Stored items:
(* Let $\phi_1,\dots,\phi_{n+m}$ be arbitrary functions of one variable and $\bar\beta=\{\beta_1,\dots,\beta_{n+m}\}$. Define $\Phi_{n+m}(\bar\beta)=\Delta_{n+m}(\bar\beta)\det_{n+m}\big[\phi_k(\beta_j)\big]_{j,k=1}^{n+m}$. Then $$\Phi_{n+m}(\bar\beta)=\sum \Delta_n(\bar\beta_{\rm I})\det_{k=1,\dots,n}\phi_k(\beta_{{\rm I}_j})\cdot\Delta_m(\bar\beta_{\rm II})\det_{k=1,\dots,m}\phi_{n+k}(\beta_{{\rm II}_j})\cdot g(\bar\beta_{\rm II},\bar\beta_{\rm I}),$$ where the sum runs over partitions $\bar\beta\Rightarrow\{\bar\beta_{\rm I},\bar\beta_{\rm II}\}$ with $\#\bar\beta_{\rm I}=n$, $\#\bar\beta_{\rm II}=m$, the elements of each subset being listed in increasing order of their original indices ($\beta_{{\rm I}_1},\beta_{{\rm I}_2},\dots$ and $\beta_{{\rm II}_1},\dots$).
   Context: Fix $c\neq0$ and $g(u,v)=\frac{c}{u-v}$. For sets, $g(\bar u,\bar v)=\prod_{u_j\in\bar u}\prod_{v_k\in\bar v}g(u_j,v_k)$. For an ordered set $\bar v=\{v_1,\dots,v_p\}$, $\Delta_p(\bar v)=\prod_{j>k}g(v_j,v_k)$ (with $\Delta_0=1$). *)

theory Defs
  imports "HOL-Combinatorics.Permutations"
begin

definition gfun :: "'a::field \<Rightarrow> 'a \<Rightarrow> 'a \<Rightarrow> 'a" where
  "gfun c u v = c / (u - v)"

definition gset :: "'a::field \<Rightarrow> ('i \<Rightarrow> 'a) \<Rightarrow> 'i set \<Rightarrow> 'i set \<Rightarrow> 'a" where
  "gset c b U V = (\<Prod>u\<in>U. \<Prod>v\<in>V. gfun c (b u) (b v))"

definition Delta :: "'a::field \<Rightarrow> nat \<Rightarrow> (nat \<Rightarrow> 'a) \<Rightarrow> 'a" where
  "Delta c p v = (\<Prod>(j,k)\<in>{(j,k). 1 \<le> k \<and> k < j \<and> j \<le> p}. gfun c (v j) (v k))"

definition detn :: "nat \<Rightarrow> (nat \<Rightarrow> nat \<Rightarrow> 'a::comm_ring_1) \<Rightarrow> 'a" where
  "detn p A = (\<Sum>\<sigma> | \<sigma> permutes {1..p}. of_int (sign \<sigma>) * (\<Prod>j\<in>{1..p}. A j (\<sigma> j)))"

definition idx :: "nat set \<Rightarrow> nat \<Rightarrow> nat" where
  "idx S j = sorted_list_of_set S ! (j - 1)"

definition Phi :: "'a::field \<Rightarrow> nat \<Rightarrow> (nat \<Rightarrow> 'a \<Rightarrow> 'a) \<Rightarrow> (nat \<Rightarrow> 'a) \<Rightarrow> 'a" where
  "Phi c N \<phi> \<beta> = Delta c N \<beta> * detn N (\<lambda>j k. \<phi> k (\<beta> j))"

end

theory Submission
  imports Defs
begin

text \<open>
  Both factors of \<open>\<Phi>\<close> pick up the sign of a permutation when the \<open>\<beta>\<close>'s are reordered:
  the determinant by the Leibniz formula, and \<open>\<Delta>\<close> because \<open>g\<close> is antisymmetric, so that
  \<open>\<Delta>(\<beta> \<circ> \<sigma>) = sgn \<sigma> \<cdot> \<Delta>(\<beta>)\<close>. For a subset \<open>I\<close> of size \<open>n\<close> let \<open>p\<^sub>I\<close> list \<open>I\<close>
  and then its complement \<open>II\<close>, each in increasing order. Reordering by \<open>p\<^sub>I\<close> splits
  \<open>\<Delta>\<^sub>n\<^sub>+\<^sub>m\<close> into \<open>\<Delta>\<^sub>n(\<beta>\<^sub>I) \<Delta>\<^sub>m(\<beta>\<^sub>I\<^sub>I) g(\<beta>\<^sub>I\<^sub>I, \<beta>\<^sub>I)\<close>, while the Laplace expansion of the
  determinant along its first \<open>n\<close> columns is \<open>\<Sum>\<^sub>I sgn p\<^sub>I \<cdot> det\<^sub>n \<cdot> det\<^sub>m\<close>; the two signs cancel.
  The Laplace expansion comes from writing each permutation of \<open>{1..n+m}\<close> uniquely as
  \<open>(\<tau>\<^sub>1 \<oplus> \<tau>\<^sub>2) \<circ> p\<^sub>I\<^sup>-\<^sup>1\<close>, where \<open>I\<close> is the set of rows it sends to the first \<open>n\<close> columns.
\<close>

definition lower_pairs :: "'a::linorder set \<Rightarrow> ('a \<times> 'a) set" where
  "lower_pairs S = {(j, k). j \<in> S \<and> k \<in> S \<and> k < j}"

lemma finite_lower_pairs: "finite S \<Longrightarrow> finite (lower_pairs S)"
  unfolding lower_pairs_def by (rule finite_subset[of _ "S \<times> S"]) auto

lemma prod_lower_pairs_permute_symmetric:
  fixes F :: "'a::linorder \<Rightarrow> 'a \<Rightarrow> 'b::comm_monoid_mult"
  assumes \<sigma>: "\<sigma> permutes S"
    and sym: "\<And>a b. a \<in> S \<Longrightarrow> b \<in> S \<Longrightarrow> F a b = F b a"
  shows "(\<Prod>(j, k)\<in>lower_pairs S. F (\<sigma> j) (\<sigma> k)) = (\<Prod>(j, k)\<in>lower_pairs S. F j k)"
proof -
  define sort2 where "sort2 f x = (max (f (fst x)) (f (snd x)), min (f (fst x)) (f (snd x)))"
    for f :: "'a \<Rightarrow> 'a" and x
  have sort2: "sort2 g (sort2 f x) = x" "sort2 f x \<in> lower_pairs S"
    if "x \<in> lower_pairs S" "f permutes S" "g \<circ> f = id" for f g x
  proof -
    from that obtain j k where x: "x = (j, k)" "j \<in> S" "k \<in> S" "k < j"
      by (auto simp: lower_pairs_def)
    have "f j \<noteq> f k" "\<And>y. g (f y) = y"
      using x \<open>f permutes S\<close> \<open>g \<circ> f = id\<close>
      by (metis permutes_inj inj_eq less_irrefl, metis comp_apply id_apply)
    then show "sort2 g (sort2 f x) = x" "sort2 f x \<in> lower_pairs S"
      using x permutes_in_image[OF \<open>f permutes S\<close>]
      by (auto simp: sort2_def max_def min_def lower_pairs_def)
  qed
  have inv\<sigma>: "inv \<sigma> permutes S" "inv \<sigma> \<circ> \<sigma> = id" "\<sigma> \<circ> inv \<sigma> = id"
    using \<sigma> permutes_inv permutes_inv_o by blast+
  show ?thesis
  proof (rule prod.reindex_bij_witness[where j = "sort2 \<sigma>" and i = "sort2 (inv \<sigma>)"])
    fix x assume x: "x \<in> lower_pairs S"
    show "sort2 (inv \<sigma>) (sort2 \<sigma> x) = x" "sort2 \<sigma> x \<in> lower_pairs S"
      using sort2[OF x \<sigma> inv\<sigma>(2)] by simp_all
    show "sort2 \<sigma> (sort2 (inv \<sigma>) x) = x" "sort2 (inv \<sigma>) x \<in> lower_pairs S"
      using sort2[OF x inv\<sigma>(1,3)] by simp_all
    show "(case sort2 \<sigma> x of (j, k) \<Rightarrow> F j k) = (case x of (j, k) \<Rightarrow> F (\<sigma> j) (\<sigma> k))"
      using x sym permutes_in_image[OF \<sigma>]
      by (auto simp: sort2_def max_def min_def lower_pairs_def)
  qed
qed

definition pair_sign :: "'a::linorder \<Rightarrow> 'a \<Rightarrow> int" where
  "pair_sign a b = (if b < a then 1 else -1)"

definition inversion_sign :: "'a::linorder set \<Rightarrow> ('a \<Rightarrow> 'a) \<Rightarrow> int" where
  "inversion_sign S \<sigma> = (\<Prod>(j, k)\<in>lower_pairs S. pair_sign (\<sigma> j) (\<sigma> k))"

lemma pair_sign_square: "pair_sign a b * pair_sign a b = 1"
  by (simp add: pair_sign_def)

lemma pair_sign_swap: "a \<noteq> b \<Longrightarrow> pair_sign a b = - pair_sign b a"
  by (cases a b rule: linorder_cases) (auto simp: pair_sign_def)

lemma prod_lower_pairs_permute_antisymmetric:
  fixes G :: "'a::linorder \<Rightarrow> 'a \<Rightarrow> 'b::comm_ring_1"
  assumes \<sigma>: "\<sigma> permutes S"
    and antisym: "\<And>a b. a \<in> S \<Longrightarrow> b \<in> S \<Longrightarrow> a \<noteq> b \<Longrightarrow> G a b = - G b a"
  shows "(\<Prod>(j, k)\<in>lower_pairs S. G (\<sigma> j) (\<sigma> k))
    = of_int (inversion_sign S \<sigma>) * (\<Prod>(j, k)\<in>lower_pairs S. G j k)"
proof -
  \<comment> \<open>Multiplying by the sign of each pair makes the factors symmetric.\<close>
  define H where "H a b = of_int (pair_sign a b) * G a b" for a b
  have G_H: "G a b = of_int (pair_sign a b) * H a b" for a b
    unfolding H_def mult.assoc[symmetric] of_int_mult[symmetric] pair_sign_square by simp
  have "(\<Prod>(j, k)\<in>lower_pairs S. G (\<sigma> j) (\<sigma> k))
      = of_int (inversion_sign S \<sigma>) * (\<Prod>(j, k)\<in>lower_pairs S. H (\<sigma> j) (\<sigma> k))"
    unfolding inversion_sign_def G_H by (simp add: case_prod_unfold prod.distrib of_int_prod)
  also have "(\<Prod>(j, k)\<in>lower_pairs S. H (\<sigma> j) (\<sigma> k)) = (\<Prod>(j, k)\<in>lower_pairs S. H j k)"
  proof (rule prod_lower_pairs_permute_symmetric[OF \<sigma>])
    fix a b assume "a \<in> S" "b \<in> S"
    then show "H a b = H b a"
      using antisym[of a b] pair_sign_swap[of a b] by (cases "a = b") (simp_all add: H_def)
  qed
  also have "\<dots> = (\<Prod>(j, k)\<in>lower_pairs S. G j k)"
    by (rule prod.cong) (auto simp: H_def pair_sign_def lower_pairs_def)
  finally show ?thesis .
qed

### GOAL OF THE EXERCISE
Extract from the records above the lines from the one containing "and then its" to the one containing "expansion of the", both lines included, exactly as they appear and with nothing else.

### WRITTEN REPLY
  and then its complement \<open>II\<close>, each in increasing order. Reordering by \<open>p\<^sub>I\<close> splits
  \<open>\<Delta>\<^sub>n\<^sub>+\<^sub>m\<close> into \<open>\<Delta>\<^sub>n(\<beta>\<^sub>I) \<Delta>\<^sub>m(\<beta>\<^sub>I\<^sub>I) g(\<beta>\<^sub>I\<^sub>I, \<beta>\<^sub>I)\<close>, while the Laplace expansion of the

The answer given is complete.